WWW2026
Contextual Structure-Enhanced Selective Graph Convolutional Network
Shifei Ding, Fangchen Li, Lili Guo, Jian Zhang
摘要
Graph Neural Networks fundamentally rely on homophily assumptions where connected nodes are expected to share similar labels, consequently suffering severe performance degradation in heterophilic graphs due to the indiscriminate neighbor aggregation mechanism. Although recent solutions have attempted to incorporate higher-order neighborhoods or reweighting schemes, they often inadvertently amplify structural noise by introducing a larger proportion of dissimilar nodes than similar ones, while simultaneously failing to capture nuanced contextual patterns due to their inability to discern subtle local structural variations across subgraphs. To holistically address these intractable and co-existing challenges, we propose the Contextual Structure Enhanced Selective Graph Convolutional Network (CSS-GCN), a novel architecture that organically synergizes contextual structure modeling with adaptive neighbor selection.

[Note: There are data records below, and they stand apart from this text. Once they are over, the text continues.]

definition frechet_subdiff :: "'a::euclidean_space set \<Rightarrow> ('a \<Rightarrow> real) \<Rightarrow> 'a \<Rightarrow> 'a set" where
  "frechet_subdiff U f x =
     {z. Liminf (at 0 within {h. x + h \<in> U})
           (\<lambda>h. ereal ((f (x + h) - f x - z \<bullet> h) / norm h)) \<ge> 0}"

end

theory Submission
  imports Defs
begin

text \<open>
  Let \<open>E = {f = g}\<close>, a measurable set. For a fixed direction \<open>d\<close> and radius \<open>e\<close>, the
  points of \<open>E\<close> from which no point of \<open>E\<close> lies in the truncated open cone around \<open>d\<close> form a
  null set, because their translates by distinct small multiples of \<open>d\<close> are pairwise disjoint.
  Taking \<open>d\<close> in a countable dense set, almost every \<open>x \<in> E\<close> is approached by \<open>E\<close> from
  every direction. At such a point, a Frechet subgradient \<open>z\<close> of \<open>f\<close> and the gradient of
  \<open>g\<close> satisfy \<open>(\<nabla>g(x) - z)\<cdot>h \<ge> -\<epsilon>|h|\<close> for all small \<open>h\<close> with \<open>x + h \<in> E\<close>, since
  \<open>f = g\<close> on \<open>E\<close>; approaching along \<open>z - \<nabla>g(x)\<close> forces \<open>z = \<nabla>g(x)\<close>.
\<close>

lemma null_sets_if_disjoint_translates:
  fixes B :: "'a::euclidean_space set" and c :: "nat \<Rightarrow> 'a"
  assumes B: "B \<in> sets lebesgue" "bounded B" and c: "bounded (range c)"
    and disj: "pairwise (\<lambda>i j. disjnt ((+) (c i) ` B) ((+) (c j) ` B)) UNIV"
  shows "B \<in> null_sets lebesgue"
proof -
  have Bm: "B \<in> lmeasurable" using B by (simp add: bounded_set_imp_lmeasurable)
  obtain r where r: "\<forall>y\<in>(\<Union>a\<in>range c. \<Union>b\<in>B. {a + b}). norm y \<le> r"
    using bounded_sums[OF c B(2)] bounded_iff by metis
  then have translates_bounded: "(+) (c k) ` B \<subseteq> cball 0 r" for k
    by fastforce
  have "real N * measure lebesgue B \<le> measure lebesgue (cball (0::'a) r)" for N
  proof -
    have "real N * measure lebesgue B = (\<Sum>k<N. measure lebesgue ((+) (c k) ` B))"
      by (simp add: measure_translation)
    also have "\<dots> = measure lebesgue (\<Union>k<N. (+) (c k) ` B)"
      using Bm disj by (intro measure_UNION'[symmetric])
        (auto intro: measurable_translation pairwise_subset)
    also have "\<dots> \<le> measure lebesgue (cball (0::'a) r)"
      using translates_bounded
      by (intro measure_mono_fmeasurable)
        (auto intro!: sets.finite_UN fmeasurableD measurable_translation Bm)
    finally show ?thesis .
  qed
  then have "measure lebesgue B = 0"
    by (metis measure_nonneg reals_Archimedean3 linorder_not_le order.not_eq_order_implies_strict)
  then show ?thesis
    using Bm by (auto simp: emeasure_eq_measure2)
qed
lemma dual_low_weight_code_bound:
  fixes U V :: "nat set set"
  assumes V: "sd_closed V" "V \<subseteq> Pow {0..<6}" and x: "x1 \<subseteq> {0..<6}" "x2 \<subseteq> {0..<6}"
    and U: "U \<subseteq> {{}, x1, x2, sym_diff x1 x2}"
    and U_V: "\<And>e. low_weight 6 e \<Longrightarrow> even_overlap e U \<Longrightarrow> e \<in> V"
    and V_U: "\<And>e. low_weight 6 e \<Longrightarrow> even_overlap e V \<Longrightarrow> e \<in> U"
  shows "16 \<le> card V" and "x2 = {} \<Longrightarrow> 32 \<le> card V" and "x1 = {} \<Longrightarrow> x2 = {} \<Longrightarrow> 64 \<le> card V"
proof -
  define patterns where "patterns = (\<lambda>j. (j \<in> x1, j \<in> x2)) ` (x1 \<union> x2)"
  have fin_V: "finite V" using V(2) finite_subset by blast
  have contains: "e \<in> V" if "low_weight 6 e" "even_overlap e {x1, x2}" for e
  proof (rule U_V[OF that(1)])
    have "finite e" using that(1) finite_subset by (auto simp: low_weight_def)
    then show "even_overlap e U"
      using even_overlap_two_generators[OF _ that(2)] U by (auto simp: even_overlap_def)
  qed
  obtain T f where T: "finite T" "\<And>i. i \<in> T \<Longrightarrow> i \<in> f i"
      "\<And>i i'. i \<in> T \<Longrightarrow> i' \<in> T \<Longrightarrow> i \<noteq> i' \<Longrightarrow> i \<notin> f i'"
    and f_V: "f ` T \<subseteq> V"
    and count: "6 \<le> card T + card ((\<lambda>j. (j \<in> x1, j \<in> x2)) ` (x1 \<union> x2))"
    and even_classes:
      "\<And>i j. i \<in> T \<Longrightarrow> j \<in> x1 \<union> x2 \<Longrightarrow> even (card (column_class {x1, x2} {0..<6} j \<inter> f i))"
    using code_contains_column_family[OF x contains] by blast
  have "card (xor_span f T) \<le> card V"
    by (rule card_mono[OF fin_V xor_span_subset_code[OF V(1) T(1) f_V]])
  then have power_le: "2 ^ k \<le> card V" if "k \<le> card T" for k :: nat
    using card_xor_span_triangular[OF T] that by (metis order_trans one_le_numeral power_increasing)
  show "x1 = {} \<Longrightarrow> x2 = {} \<Longrightarrow> 64 \<le> card V"
    using power_le[of 6] count by simp
  show "x2 = {} \<Longrightarrow> 32 \<le> card V"
  proof -
    assume "x2 = {}"
    then have "patterns \<subseteq> {(True, False)}" by (auto simp: patterns_def)
    then have "card patterns \<le> 1" using card_mono[of "{(True, False)}" patterns] by simp
    then show ?thesis using power_le[of 5] count by (simp add: patterns_def)
  qed
  show "16 \<le> card V"
  proof (cases "card patterns \<le> 2")
    case True
    then show ?thesis using power_le[of 4] count by (simp add: patterns_def)
  next
    case False
    then obtain a1 a2 a3 where a: "a1 \<in> x1 - x2" "a2 \<in> x2 - x1" "a3 \<in> x1 \<inter> x2"
      and three: "card patterns = 3"
      unfolding patterns_def by (rule all_column_patterns)
    have "{a1, a2, a3} \<subseteq> {0..<6}" using a x by auto
    with a obtain j where j: "j \<in> x1 \<union> x2" "low_weight 6 (column_class {x1, x2} {0..<6} j)"
      "column_class {x1, x2} {0..<6} j \<notin> {{}, x1, x2, sym_diff x1 x2}"
      by (rule small_column_class)
    then have "\<not> even_overlap (column_class {x1, x2} {0..<6} j) V" using V_U U by blast
    then obtain v where v: "v \<in> V" "odd (card (column_class {x1, x2} {0..<6} j \<inter> v))"
      by (auto simp: even_overlap_def)
    have "3 \<le> card T" using count three by (simp add: patterns_def)
    then have "(2::nat) ^ 4 \<le> 2 ^ Suc (card T)" by (intro power_increasing) simp_all
    also have "\<dots> \<le> card V"
      by (rule card_code_odd_extension[OF V(1) fin_V _ T f_V _ v])
        (use even_classes j(1) in \<open>auto simp: column_class_def\<close>)
    finally show ?thesis by simp
  qed
qed

lemma xor_span_at_most_two:
  assumes "finite A" "card A \<le> 2"
  obtains x1 x2 where "x1 \<in> xor_span f A" "x2 \<in> xor_span f A"
    "xor_span f A \<subseteq> {{}, x1, x2, sym_diff x1 x2}"
    "card A \<le> 1 \<Longrightarrow> x2 = {}" "card A = 0 \<Longrightarrow> x1 = {}"
proof -
  have "card A = 0 \<or> card A = 1 \<or> card A = 2" using assms(2) by auto
  then show thesis
  proof (elim disjE)
    assume "card A = 0"
    then have "xor_span f A = {{}}" using assms(1) by (simp add: xor_span_def)
    then show thesis using that[of "{}" "{}"] by simp
  next
    assume "card A = 1"
    then obtain a where "A = {a}" by (rule card_1_singletonE)
    then have "xor_span f A = {{}, f a}" by (auto simp: xor_span_def Pow_insert)
    then show thesis using that[of "f a" "{}"] \<open>card A = 1\<close> by simp
  next
    assume "card A = 2"
    then obtain a b where ab: "A = {a, b}" "a \<noteq> b" by (meson card_2_iff)
    then have "parity_sum f {a, b} = sym_diff (f a) (f b)" by (simp add: parity_sum_insert)
    then have "xor_span f A = {{}, f a, f b, sym_diff (f a) (f b)}"
      using ab by (simp add: xor_span_def Pow_insert insert_commute)
    then show thesis using that[of "f a" "f b"] \<open>card A = 2\<close> by simp
  qed
qed

lemma no_low_weight_dual_pair_small:
  fixes xs zs :: "'i \<Rightarrow> nat set"
  assumes fin: "finite XI" "finite ZI" and dims: "card XI + card ZI = 5" "card XI \<le> 2"
    and supp: "\<And>i. xs i \<subseteq> {0..<6}" "\<And>i. zs i \<subseteq> {0..<6}"
    and X_Z: "\<And>e. low_weight 6 e \<Longrightarrow> even_overlap e (xor_span xs XI) \<Longrightarrow> e \<in> xor_span zs ZI"
    and Z_X: "\<And>e. low_weight 6 e \<Longrightarrow> even_overlap e (xor_span zs ZI) \<Longrightarrow> e \<in> xor_span xs XI"
  shows False
proof -
  obtain x1 x2 where x: "x1 \<in> xor_span xs XI" "x2 \<in> xor_span xs XI"
    and U: "xor_span xs XI \<subseteq> {{}, x1, x2, sym_diff x1 x2}"
    and degenerate: "card XI \<le> 1 \<Longrightarrow> x2 = {}" "card XI = 0 \<Longrightarrow> x1 = {}"
    using xor_span_at_most_two[OF fin(1) dims(2), where f = xs] by blast
  have "x1 \<subseteq> {0..<6}" "x2 \<subseteq> {0..<6}"
    using x xor_span_subset_Pow[where f = xs and A = XI, OF supp(1)] by blast+
  note bounds = dual_low_weight_code_bound[OF sd_closed_xor_span[OF fin(2)]
      xor_span_subset_Pow[where f = zs and A = ZI, OF supp(2)] this U X_Z Z_X]
  have "card ZI = 5 - card XI" using dims(1) by simp
  then have "card (xor_span zs ZI) \<le> 2 ^ (5 - card XI)"
    using card_xor_span_le[OF fin(2), of zs] by simp
  moreover have "card XI = 0 \<or> card XI = 1 \<or> card XI = 2" using dims(2) by auto
  ultimately show False using bounds degenerate by auto
qed

text \<open>By symmetry the restriction on the first span can be dropped.\<close>
lemma no_low_weight_dual_pair:
  fixes xs zs :: "'i \<Rightarrow> nat set"
  assumes fin: "finite XI" "finite ZI" and dim: "card XI + card ZI = 5"
    and supp: "\<And>i. xs i \<subseteq> {0..<6}" "\<And>i. zs i \<subseteq> {0..<6}"
    and X_Z: "\<And>e. low_weight 6 e \<Longrightarrow> even_overlap e (xor_span xs XI) \<Longrightarrow> e \<in> xor_span zs ZI"
    and Z_X: "\<And>e. low_weight 6 e \<Longrightarrow> even_overlap e (xor_span zs ZI) \<Longrightarrow> e \<in> xor_span xs XI"
  shows False
proof (cases "card XI \<le> 2")
  case True
  then show False by (rule no_low_weight_dual_pair_small[OF fin dim _ supp X_Z Z_X])
next
  case False
  then have "card ZI \<le> 2" "card ZI + card XI = 5" using dim by auto
  then show False by (intro no_low_weight_dual_pair_small[OF fin(2,1) _ _ supp(2,1) Z_X X_Z])
qed

section \<open>Pauli operators\<close>

text \<open>Distinct non-identity single-qubit Pauli matrices anticommute; all other pairs commute.\<close>
definition anticommute1 :: "pauli1 \<Rightarrow> pauli1 \<Rightarrow> bool" where
  "anticommute1 p q \<longleftrightarrow> p \<noteq> PI \<and> q \<noteq> PI \<and> p \<noteq> q"

lemma mult1_swap_phase:
  "(4::int) dvd int (fst (mult1 p q)) - int (fst (mult1 q p)) - (if anticommute1 p q then 2 else 0)"
  by (cases p; cases q) (simp_all add: anticommute1_def)

lemma sum_if_two_card:
  "(\<Sum>j<(n::nat). if P j then 2 else 0) = (2::int) * int (card {j. j < n \<and> P j})"
proof -
  have "(\<Sum>j<n. if P j then 2 else 0) = (\<Sum>j \<in> {j \<in> {..<n}. P j}. (2::int))"
    by (rule sum.inter_filter[symmetric]) simp
  also have "{j \<in> {..<n}. P j} = {j. j < n \<and> P j}" by auto
  finally show ?thesis by (simp add: mult.commute)
qed

lemma anticommute_odd_factors:
  assumes "anticommute n a b"
  shows "odd (card {j. j < n \<and> anticommute1 (snd a j) (snd b j)})"
proof -
  define X where "X = (\<Sum>j<n. fst (mult1 (snd a j) (snd b j)))"
  define Y where "Y = (\<Sum>j<n. fst (mult1 (snd b j) (snd a j)))"
  define c where "c = card {j. j < n \<and> anticommute1 (snd a j) (snd b j)}"
  have "(fst a + fst b + X) mod 4 = (2 + (fst b + fst a + Y) mod 4) mod 4"
    using assms unfolding anticommute_def pmult_def X_def Y_def by simp
  also have "\<dots> = (2 + (fst b + fst a + Y)) mod 4"
    by (rule mod_add_right_eq)
  finally have "int (fst a + fst b + X) mod 4 = int (2 + (fst b + fst a + Y)) mod 4"
    by (metis of_nat_mod of_nat_numeral)
  then have phase: "(4::int) dvd int X - int Y - 2"
    by (simp add: mod_eq_dvd_iff algebra_simps)
  have "(4::int) dvd (\<Sum>j<n. int (fst (mult1 (snd a j) (snd b j))) - int (fst (mult1 (snd b j) (snd a j)))
      - (if anticommute1 (snd a j) (snd b j) then 2 else 0))"
    by (intro dvd_sum mult1_swap_phase)
  then have factors: "(4::int) dvd int X - int Y - 2 * int c"
    by (simp add: X_def Y_def c_def sum_subtractf sum_if_two_card)
  have "(4::int) dvd 2 * int c - 2" using dvd_diff[OF phase factors] by (simp add: algebra_simps)
  then show ?thesis unfolding c_def[symmetric] by presburger
qed

text \<open>The qubits on which a Pauli operator anticommutes with the single-qubit matrix P.  The
  X-support of an operator is its anti-support for Z, the Z-support its anti-support for X.\<close>
definition anti_support :: "pauli1 \<Rightarrow> nat \<Rightarrow> pauli \<Rightarrow> nat set" where
  "anti_support P n a = {j. j < n \<and> anticommute1 P (snd a j)}"

lemma anticommute1_mult1:
  "anticommute1 P (snd (mult1 q r)) \<longleftrightarrow> anticommute1 P q \<noteq> anticommute1 P r"
  by (cases P; cases q; cases r) (simp_all add: anticommute1_def)

lemma anti_support_pmult:
  "anti_support P n (pmult m a b) = sym_diff (anti_support P n a) (anti_support P n b)"
  by (auto simp: anti_support_def pmult_def anticommute1_mult1)

lemma anti_support_pid [simp]: "anti_support P n pid = {}"
  by (simp add: anti_support_def pid_def anticommute1_def)

lemma gen_group_anti_support:
  assumes "s \<in> gen_group m (g ` I)" "finite I"
  obtains A where "A \<subseteq> I" "\<And>P. anti_support P n s = parity_sum (\<lambda>i. anti_support P n (g i)) A"
proof -
  from assms(1) have "\<exists>A \<subseteq> I. \<forall>P. anti_support P n s = parity_sum (\<lambda>i. anti_support P n (g i)) A"
  proof (induction rule: gen_group.induct)
    case gen_id
    show ?case by (intro exI[of _ "{}"]) simp
  next
    case (gen_step h s)
    obtain i where i: "i \<in> I" "h = g i" using gen_step.hyps(1) by blast
    obtain A where A: "A \<subseteq> I" "\<And>P. anti_support P n s = parity_sum (\<lambda>i. anti_support P n (g i)) A"
      using gen_step.IH by blast
    have "finite A" using A(1) assms(2) finite_subset by blast
    then have "anti_support P n (pmult m h s) = parity_sum (\<lambda>i. anti_support P n (g i)) (sym_diff {i} A)"
      for P by (simp add: anti_support_pmult parity_sum_sym_diff A(2) i(2))
    moreover have "sym_diff {i} A \<subseteq> I" using i(1) A(1) by blast
    ultimately show ?case by blast
  qed
  then show thesis using that by blast
qed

Specifically, our approach employs ego-network partitioning and group fairness constraints to effectively quantify domain-invariant structural patterns, thereby countering the contextual blindness often observed in conventional GNNs. Complementarily, we design a selective propagation mechanism unifying adaptive neighborhood distribution-based similarity computation with the gated fusion of three distinct information pathways: potential homophilic neighbors identified through attribute-topology synergy, first-hop connections, and ego-representations. This dual-component framework enables nodes to dynamically filter out irrelevant signals while preserving structural consistency across diverse homophily-heterophily landscapes. Extensive validation on 10 real-world graphs demonstrates the effectiveness and superiority of our proposed approach.